Only Mother Teresa has received more accolades and recognition than this great missionary who literally created an island of hope in a sea of despair. Even though Mark has now been graduated to heaven, his great work continues to touch tens of thousands of Indians every day in that lost land.
That night thousands of hungry, hurting Indians poured into the public racetrack to hear me preach. Mark Buntain had arranged the meeting, and as the crowds came in wearing their baggy, dirty wraps, my heart broke. Their dark eyes were like circles of black fire boring silently into me, pleading for help. I tried to let them know there was a God who loved them and would give them life even here.
While many precious Indians responded to the altar call, I did not feel the meeting was much of a success. Perhaps I was too emotionally moved by the horror of what I had seen around me. Maybe I was in culture shock. One thing was for sure: What I had witnessed would haunt me forever, and I would lie awake many nights weeping for their great sorrow.
As my plane swept down the runway and rose high over the sordid city of Calcutta, part of me was left there forever. I had not changed the city much, but it had changed me.
Winging away from that sorrowful city I determined the poor and powerless of our world deserve better than what they now know. I determined to do all I could to help them break the awful, gripping, grinding cycle of poverty and pain. I would help them find life through the Life-Giver.
As the years passed, the memories of those Calcutta scenes faded. But in Phoenix God again gave me a firsthand vision of His love and concern for hurting people,
and all the memories of Calcutta returned. I determined again to give myself to those who had no one else to care. Like Isaiah I had heard God ask:
Whom shall I send as a messenger to my people? Who will go?”
And I said, “Lord, I’ll go! Send me.”
Isaiah 6:8, TLB
Many times when people come to the place of saying, “God, I’ll go wherever You send me,” they usually think of some place like Calcutta. I was willing to go, but for me the job began at home.
At the beginning I only thought that God’s purpose was for me to meet the needs of hurting people. As time went on I realized that God was not just sending me to the poor; He was sending the poor to me to meet my needs. They were to become the answer to my prayers —just as it was with King David.
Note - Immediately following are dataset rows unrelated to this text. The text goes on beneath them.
text \<open>If L_a^N kills A0, then L_a^k kills the power A0^(j+1) as soon as N \<le> k + j, because
  every product x y with x \<in> A0 equals c (a y).\<close>
lemma fitting_null_nilpotent: "nilpotent_subalgebra scale mult A0"
proof -
  obtain N where "N \<ge> 1" and A0_eq: "A0 = {y. (mult a ^^ N) y = 0}"
    using fitting_null_eq_kernel by blast
  have power_hom: "module_hom scale scale (mult a ^^ k)" for k
    by (rule module_hom_funpow[OF left_mult_hom])
  have killed: "(mult a ^^ k) v = 0"
    if "v \<in> lower_power scale mult A0 j" "N \<le> k + j" for j k v
    using that
  proof (induction j arbitrary: k v)
    case 0
    define d where "d = k - N"
    have "k = d + N" using 0(2) by (simp add: d_def)
    then have "(mult a ^^ k) v = (mult a ^^ d) ((mult a ^^ N) v)"
      by (simp only: funpow_add comp_apply)
    also have "\<dots> = 0" using 0 A0_eq module_hom.zero[OF power_hom] by simp
    finally show ?case .
  next
    case (Suc j)
    have "{mult x y | x y. x \<in> A0 \<and> y \<in> lower_power scale mult A0 j} \<subseteq> {v. (mult a ^^ k) v = 0}"
    proof clarify
      fix x y assume "x \<in> A0" "y \<in> lower_power scale mult A0 j"
      moreover have "N \<le> Suc k + j" using Suc.prems(2) by simp
      ultimately have "(mult a ^^ Suc k) y = 0" using Suc.IH by blast
      then have ay: "(mult a ^^ k) (mult a y) = 0" by (simp only: funpow_Suc_right comp_apply)
      obtain c where "\<forall>z. mult x z = scale c (mult a z)"
        using left_mult_proportional by blast
      then have "(mult a ^^ k) (mult x y) = scale c ((mult a ^^ k) (mult a y))"
        by (simp add: module_hom.scale[OF power_hom])
      then show "(mult a ^^ k) (mult x y) = 0" using ay by simp
    qed
    then have "lower_power scale mult A0 (Suc j) \<subseteq> {v. (mult a ^^ k) v = 0}"
      unfolding lower_power.simps subspace_prod_def
      by (rule span_minimal[OF _ module_hom.subspace_kernel[OF power_hom]])
    then show ?case using Suc.prems(1) by blast
  qed
  have "lower_power scale mult A0 N \<subseteq> {0}"
    using killed[of _ N 0] by auto
  moreover have "0 \<in> lower_power scale mult A0 N"
    using subspace_0[OF lower_power_subspace[OF fitting_null_subspace]] .
  ultimately have "lower_power scale mult A0 N = {0}" by blast
  then show ?thesis
    unfolding nilpotent_subalgebra_def using fitting_null_subalgebra by blast
qed

lemma normalizer_iff:
  assumes C: "subalgebra scale mult C" and "x \<in> C" and x_acts_as_a: "mult x = mult a"
  shows "y \<in> normalizer mult C \<longleftrightarrow> mult a y \<in> C"
proof
  assume "y \<in> normalizer mult C"
  then have "mult x y \<in> C" using \<open>x \<in> C\<close> unfolding normalizer_def by blast
  then show "mult a y \<in> C" using x_acts_as_a by simp
next
  assume ay: "mult a y \<in> C"
  have sub: "subspace C" and closed: "\<And>u v. u \<in> C \<Longrightarrow> v \<in> C \<Longrightarrow> mult u v \<in> C"
    using C unfolding subalgebra_def by auto
  have "mult y d \<in> C" "mult d y \<in> C" if "d \<in> C" for d
  proof -
    obtain c where "\<forall>z. mult y z = scale c (mult a z)"
      using left_mult_proportional by blast
    then have "mult y d = scale c (mult x d)" using x_acts_as_a by simp
    then show "mult y d \<in> C" using closed[OF \<open>x \<in> C\<close> that] sub by (simp add: subspace_scale)
    obtain c' where "\<forall>z. mult d z = scale c' (mult a z)"
      using left_mult_proportional by blast
    then show "mult d y \<in> C" using ay sub by (simp add: subspace_scale)
  qed
  then show "y \<in> normalizer mult C" unfolding normalizer_def by blast
qed

text \<open>A0 contains an element u with L_u = L_a: by Fitting's lemma a = u + L_a^n v with
  u \<in> A0, and the product L_a^n v left-annihilates.\<close>
lemma fitting_null_contains_copy_of_generator: "\<exists>u\<in>A0. mult u = mult a"
proof -
  obtain n v where "n \<ge> 1" and u_null: "(mult a ^^ n) (a - (mult a ^^ n) v) = 0"
    using fitting_decomposition[OF left_mult_hom] by blast
  define w where "w = (mult a ^^ n) v"
  have w_product: "w = mult a ((mult a ^^ (n - 1)) v)"
    using \<open>n \<ge> 1\<close> by (cases n) (simp_all add: w_def)
  have "a - w \<in> A0"
    using u_null unfolding w_def fitting_null_iff by blast
  moreover have "mult (a - w) = mult a"
  proof
    fix z
    have "mult (a - w) z = mult a z - mult w z"
      using mult_add_left[of "a - w" w z] by (simp add: algebra_simps)
    then show "mult (a - w) z = mult a z" by (simp add: w_product)
  qed
  ultimately show ?thesis by blast
qed

text \<open>A0 is a Cartan subalgebra: its normalizer is {y. a y \<in> A0} = A0.\<close>
theorem fitting_null_cartan: "cartan_subalgebra scale mult A0"
proof -
  obtain u where "u \<in> A0" "mult u = mult a"
    using fitting_null_contains_copy_of_generator by blast
  then have "normalizer mult A0 = A0"
    using normalizer_iff[OF fitting_null_subalgebra] mult_in_fitting_null_iff by blast
  then show ?thesis
    unfolding cartan_subalgebra_def using fitting_null_nilpotent by blast
qed

text \<open>Every Cartan subalgebra C contains an element acting like a. Otherwise all of C
  left-annihilates (L_y = c L_a with c \<noteq> 0 would give y/c \<in> C acting like a), which forces
  a C \<subseteq> C and then a into the normalizer of C, i.e. into C.\<close>
lemma cartan_contains_copy_of_generator:
  assumes cartan: "cartan_subalgebra scale mult C"
  shows "\<exists>x\<in>C. mult x = mult a"
proof (rule ccontr)
  assume no_copy: "\<not> (\<exists>x\<in>C. mult x = mult a)"
  have sub: "subspace C" and self_norm: "normalizer mult C = C"
    using cartan unfolding cartan_subalgebra_def nilpotent_subalgebra_def subalgebra_def by auto
  have annihilates: "mult y z = 0" if "y \<in> C" for y z
  proof -
    obtain c where c: "\<forall>z. mult y z = scale c (mult a z)"
      using left_mult_proportional by blast
    show ?thesis
    proof (cases "c = 0")
      case False
      have "mult (scale (inverse c) y) = mult a"
        using c False by (auto simp: mult_scale_left)
      then show ?thesis using subspace_scale[OF sub \<open>y \<in> C\<close>] no_copy by blast
    qed (use c in simp)
  qed
  have "mult a y \<in> C" if "y \<in> C" for y
  proof -
    have "mult a y \<in> normalizer mult C"
      unfolding normalizer_def using annihilates subspace_0[OF sub] by simp
    then show ?thesis using self_norm by simp
  qed
  then have "a \<in> normalizer mult C"
    unfolding normalizer_def using annihilates subspace_0[OF sub] by simp
  then show False using self_norm no_copy by blast
qed

theorem cartan_unique:
  assumes cartan: "cartan_subalgebra scale mult C"
  shows "C = A0"
proof
  have C: "subalgebra scale mult C" and self_norm: "normalizer mult C = C"
    and nil: "nilpotent_subalgebra scale mult C"
    using cartan unfolding cartan_subalgebra_def nilpotent_subalgebra_def by auto
  obtain x where x: "x \<in> C" "mult x = mult a"
    using cartan_contains_copy_of_generator[OF cartan] by blast
  have "fitting_null mult x = A0"
    unfolding fitting_null_def using x(2) by simp
  then show "C \<subseteq> A0"
    using nilpotent_subalgebra_in_fitting_null[OF nil \<open>x \<in> C\<close>] by simp
  have pull_back: "y \<in> C" if "(mult a ^^ k) y \<in> C" for k y
    using that
  proof (induction k arbitrary: y)
    case (Suc k)
    have "(mult a ^^ k) (mult a y) \<in> C"
      using Suc.prems by (simp only: funpow_Suc_right comp_apply)
    then have "mult a y \<in> C" by (rule Suc.IH)
    then show ?case using normalizer_iff[OF C x] self_norm by blast
  qed simp
  show "A0 \<subseteq> C"
  proof
    fix y assume "y \<in> A0"
    then obtain m where "(mult a ^^ m) y = 0" unfolding fitting_null_iff by blast
    moreover have "0 \<in> C" using C subspace_0 unfolding subalgebra_def by blast
    ultimately show "y \<in> C" using pull_back[of m y] by simp
  qed
qed

end

lemma cyclic_leibnizI:
  assumes "leibniz_algebra scale mult" and "cyclic_generated_by scale mult a"
  shows "cyclic_leibniz scale mult a"
  using assms
  unfolding leibniz_algebra_def cyclic_generated_by_def cyclic_leibniz_def cyclic_leibniz_axioms_def
    leibniz_def leibniz_axioms_def fin_dim_vector_space_def fin_dim_vector_space_axioms_def
  by blast

theorem mainTheorem11:
  fixes scale :: "'k::field \<Rightarrow> 'v::ab_group_add \<Rightarrow> 'v"
    and mult :: "'v \<Rightarrow> 'v \<Rightarrow> 'v"
    and a :: 'v
  assumes "leibniz_algebra scale mult"
    and "cyclic_generated_by scale mult a"
  shows "cartan_subalgebra scale mult (fitting_null mult a) \<and>
         (\<forall>C. cartan_subalgebra scale mult C \<longrightarrow> C = fitting_null mult a)"
proof -
  interpret cyclic_leibniz scale mult a
    using cyclic_leibnizI[OF assms] .
  show ?thesis using fitting_null_cartan cartan_unique by blast
qed

end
So David departed from there and escaped to the cave of Adullam; and when his brothers and all his father’s household heard of it, they went down there to him.
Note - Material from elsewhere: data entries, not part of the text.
(* Let $k\ge\ell\ge1$ be integers with $k+\ell\ge6$ and let $G$ be a finite digraph. For every $v\in V(G)$, $$s(v)\le\frac{1}{m+1}\left(\lambda_0\,\rho(v)^m+\lambda_1\,\rho(v)(1-\rho(v))^{m-1}\right).$$
   Context: Put $m=k+\ell$, $\lambda_0=k^k\ell^\ell/m^m$, $\lambda_1=k^k\ell(\ell-1)^{\ell-1}/(m-1)^{m-1}$ (with $0^0=1$). Digraphs are finite, without loops; $xy$ denotes an arc from $x$ to $y$; two vertices are adjacent if at least one of $xy,yx$ is an arc. The oriented star $S_{k,\ell}$ has a center $c$, a set $O$ of $k$ out-leaves and a set $I$ of $\ell$ in-leaves; its arcs are exactly $co$ ($o\in O$) and $ic$ ($i\in I$). For a digraph $G$ on $n$ vertices, let $\phi$ be a uniformly random map from $V(S_{k,\ell})$ to $V(G)$ (all $n^{m+1}$ maps equally likely), and let $\mathcal S$ be the set of maps $\phi$ that are isomorphisms from $S_{k,\ell}$ onto $G[\mathrm{Im}\,\phi]$ (in particular injective). $s(v)=\Pr[\phi\in\mathcal S\mid v\in\mathrm{Im}\,\phi]$. $\rho(v)$ is the number of vertices adjacent to $v$, divided by $n$. *)

theory Defs
  imports Complex_Main "HOL-Library.FuncSet"
begin

definition digraph :: "'a set \<Rightarrow> ('a \<Rightarrow> 'a \<Rightarrow> bool) \<Rightarrow> bool" where
  "digraph V Arc \<longleftrightarrow> finite V \<and> (\<forall>x y. Arc x y \<longrightarrow> x \<in> V \<and> y \<in> V) \<and> (\<forall>x. \<not> Arc x x)"

text \<open>The oriented star S_{k,l} on vertex set {0..k+l}: centre 0, out-leaves 1..k,
in-leaves k+1..k+l.\<close>
definition star_arc :: "nat \<Rightarrow> nat \<Rightarrow> nat \<Rightarrow> nat \<Rightarrow> bool" where
  "star_arc k l x y \<longleftrightarrow> (x = 0 \<and> 1 \<le> y \<and> y \<le> k) \<or> (y = 0 \<and> k + 1 \<le> x \<and> x \<le> k + l)"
2 And everyone who was in distress, and everyone who was in debt, and everyone who was discontented, gathered to him; and he became captain over them. Now there were about four hundred men with him.
1 Samuel 22:1-2
Assembling an Army of Ragtags
Caring for the poor and powerless was neither new nor strange to me. I had seen my dad live out this passion. Although he had many church buses, he always also used his own car to pick up the poor to bring them to church.
Every Sunday after services our family waited at the church while Dad delivered his many riders back home. I once asked him why he did this, and he replied, “Son, I will never ask my people to do something that I will not do. This is our ministry. This is our calling.”
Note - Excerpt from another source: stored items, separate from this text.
lemma AE_split_if_cross_ratio_AE_const:
  fixes F :: "'a \<times> 'b \<Rightarrow> complex"
  assumes M1: "prob_space M1" and M2: "prob_space M2"
    and F_meas[measurable]: "F \<in> borel_measurable (M1 \<Otimes>\<^sub>M M2)"
    and F_1: "\<And>p. p \<in> space (M1 \<Otimes>\<^sub>M M2) \<Longrightarrow> cmod (F p) = 1"
    and const: "AE P in (M1 \<Otimes>\<^sub>M M2) \<Otimes>\<^sub>M (M1 \<Otimes>\<^sub>M M2). cross_ratio F P = \<kappa>"
  obtains k1 k2 where "k1 \<in> borel_measurable M1" and "k2 \<in> borel_measurable M2"
    and "\<And>x. x \<in> space M1 \<Longrightarrow> cmod (k1 x) = 1" and "\<And>y. y \<in> space M2 \<Longrightarrow> cmod (k2 y) = 1"
    and "AE p in M1 \<Otimes>\<^sub>M M2. F p = k1 (fst p) * k2 (snd p)"
proof -
  interpret P: prob_space "M1 \<Otimes>\<^sub>M M2" using M1 M2 by (rule prob_space_pair)
  interpret pair_sigma_finite "M1 \<Otimes>\<^sub>M M2" "M1 \<Otimes>\<^sub>M M2" ..
  have "AE q in M1 \<Otimes>\<^sub>M M2. AE p in M1 \<Otimes>\<^sub>M M2. cross_ratio F (p, q) = \<kappa>"
    using AE_pair[OF const] by (subst (asm) AE_commute) (unfold cross_ratio_def, measurable)
  then obtain q0 where q0: "q0 \<in> space (M1 \<Otimes>\<^sub>M M2)"
    and "AE p in M1 \<Otimes>\<^sub>M M2. cross_ratio F (p, q0) = \<kappa>"
    by (rule bexE[OF P.AE_imp_ex_in_space])
  obtain z0 t0 where "q0 = (z0, t0)" by (cases q0)
  with q0 \<open>AE p in M1 \<Otimes>\<^sub>M M2. cross_ratio F (p, q0) = \<kappa>\<close>
  have q0: "(z0, t0) \<in> space (M1 \<Otimes>\<^sub>M M2)"
    and AE_q0: "AE p in M1 \<Otimes>\<^sub>M M2. cross_ratio F (p, (z0, t0)) = \<kappa>"
    by simp_all
  then have z0: "z0 \<in> space M1" and t0: "t0 \<in> space M2" by (auto simp: space_pair_measure)
  have F_nz: "F p \<noteq> 0" if "p \<in> space (M1 \<Otimes>\<^sub>M M2)" for p using F_1[OF that] by auto
  from P.AE_imp_ex_in_space[OF AE_q0] obtain p0
    where "p0 \<in> space (M1 \<Otimes>\<^sub>M M2)" "cross_ratio F (p0, (z0, t0)) = \<kappa>" ..
  with q0 z0 t0 have "cmod \<kappa> = 1"
    by (auto simp: cross_ratio_def space_pair_measure norm_mult norm_divide F_1)
  show ?thesis
  proof (rule that[of "\<lambda>x. \<kappa> * F (x, t0) / F (z0, t0)" "\<lambda>y. F (z0, y)"])
    show "(\<lambda>x. \<kappa> * F (x, t0) / F (z0, t0)) \<in> borel_measurable M1"
      "(\<lambda>y. F (z0, y)) \<in> borel_measurable M2"
      using z0 t0 by measurable
    show "cmod (\<kappa> * F (x, t0) / F (z0, t0)) = 1" if "x \<in> space M1" for x
      using that z0 t0 \<open>cmod \<kappa> = 1\<close> by (simp add: norm_mult norm_divide F_1 space_pair_measure)
    show "cmod (F (z0, y)) = 1" if "y \<in> space M2" for y
      using that z0 by (simp add: F_1 space_pair_measure)
    show "AE p in M1 \<Otimes>\<^sub>M M2. F p = \<kappa> * F (fst p, t0) / F (z0, t0) * F (z0, snd p)"
      using AE_q0 AE_space
    proof eventually_elim
      case (elim p)
      then have "F (fst p, t0) \<noteq> 0" "F (z0, snd p) \<noteq> 0" "F (z0, t0) \<noteq> 0"
        using F_nz z0 t0 by (auto simp: space_pair_measure)
      with elim(1) show ?case by (auto simp: cross_ratio_def field_simps)
    qed
  qed
qed

lemma AE_coboundary_const_if_ratio_split:
  fixes B k1 k2 :: "'x \<Rightarrow> complex"
  assumes M: "prob_space M" and [measurable]: "\<tau> \<in> M \<rightarrow>\<^sub>M M"
    and [measurable]: "B \<in> borel_measurable M" "k1 \<in> borel_measurable M" "k2 \<in> borel_measurable M"
    and B_1: "\<And>x. x \<in> space M \<Longrightarrow> cmod (B x) = 1"
    and k1_1: "\<And>x. x \<in> space M \<Longrightarrow> cmod (k1 x) = 1"
    and k2_1: "\<And>x. x \<in> space M \<Longrightarrow> cmod (k2 x) = 1" and "cmod c = 1"
    and ratio: "AE p in M \<Otimes>\<^sub>M M. B (fst p) / B (snd p)
      = c * (k1 (fst p) * k2 (snd p)) / (k1 (\<tau> (fst p)) * k2 (\<tau> (snd p)))"
  shows "\<exists>m. cmod m = 1 \<and> (AE x in M. B x = m * k1 x / k1 (\<tau> x))"
proof -
  have nz: "B x \<noteq> 0" "k1 x \<noteq> 0" "k2 x \<noteq> 0" "k1 (\<tau> x) \<noteq> 0" "k2 (\<tau> x) \<noteq> 0"
    if "x \<in> space M" for x
    using B_1 k1_1 k2_1 measurable_space[of \<tau> M M x] that by fastforce+
  define u where "u x = B x * k1 (\<tau> x) / k1 x" for x
  define v where "v y = c * k2 y / k2 (\<tau> y) * B y" for y
  \<comment> \<open>Separating the variables: the left side depends only on the first coordinate, the right side
    only on the second.\<close>
  have "AE p in M \<Otimes>\<^sub>M M. u (fst p) = v (snd p)"
    using ratio AE_space
  proof eventually_elim
    case (elim p)
    then have "fst p \<in> space M" "snd p \<in> space M" by (auto simp: space_pair_measure)
    with elim(1) nz show ?case by (auto simp: u_def v_def field_simps)
  qed
  moreover have "u \<in> borel_measurable M" "v \<in> borel_measurable M"
    unfolding u_def v_def by measurable
  ultimately obtain y0 where y0: "y0 \<in> space M" "AE x in M. u x = v y0"
    using AE_pair_separated_const[OF M M] by blast
  have "cmod (v y0) = 1"
    using y0(1) B_1 k2_1 \<open>cmod c = 1\<close> measurable_space[of \<tau> M M y0]
    by (simp add: v_def norm_mult norm_divide)
  moreover from y0(2) have "AE x in M. B x = v y0 * k1 x / k1 (\<tau> x)"
    using AE_space by eventually_elim (use nz in \<open>auto simp: u_def field_simps\<close>)
  ultimately show ?thesis by blast
qed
People often laughed at my dad saying all he had in his church was a bunch of poor bus kids. But those poor bus kids grew up, and they never forgot the love my dad had shown.
When my dad died, the church was filled with people from all walks of life. Senator Bob Dole, the mayor of the city, city council members, prominent businesspeople and social leaders were all there. Hershel Barnett pastored Victoria Tabernacle in Kansas City for forty years, and during that time it became one of the largest churches in the denomination.
I stood at the head of my dad’s casket and watched the people pass by to pay their final respects. Along with the high and mighty, an old, tattered street alcoholic brought his little, ragged mongrel dog to say good-bye.
Almost daily my dad would stop and talk to this street dweller, often giving him a little money and a piece of candy for his dog. Before the undertaker could stop him, the teary-eyed old alcoholic patted my dad, mumbling words of appreciation because this preacher had always treated him with respect regardless of how others had viewed him. Clutching his little dog, he leaned over the casket for a last look. The little mutt lovingly licked my dad on the nose. This was “their” pastor.
Some of the poor bus kids my dad reached out to developed into wonderful pastors and prominent leaders, great pastors like Bill Baker and Ray Thomas who had come to dad’s church on the buses from families who never attended church. They were not just bus kids. They were miracles in the house.
ELISHA TOLD THE WIDOW to go out and bring back as many pots as she could. As she began to pour what little
oil she had into empty vessels, the miracle occurred.
The greatest revival is always among empty vessels. Those who consider themselves to be filled don t thirst for more. In most churches Christians spend too much time filling themselves. We must be careful not to become addicted to the self-gratification of our senses when there are so many empty vessels waiting to be filled.
In our church the greatest miracles are taking place among street people, bikers, drug addicts and prison inmates. Revival is where the hurting people are.
Jesus told a story about a man who was giving a big dinner. He invited many people, but most were preoccupied with other things. The man finally said to his servant:
Go out at once into the streets and lanes of the city and bring in here the poor and crippled and blind and lame.”
22 And the slave said, “Master, what you commanded has been done, and still there is room.”
23 And the master said to the slave, “Go out into the highways and along the hedges, and compel them to come in, that my house may be filled.”
Luke 14:21-23
People without a need won’t come to the feast. They’re not hungry.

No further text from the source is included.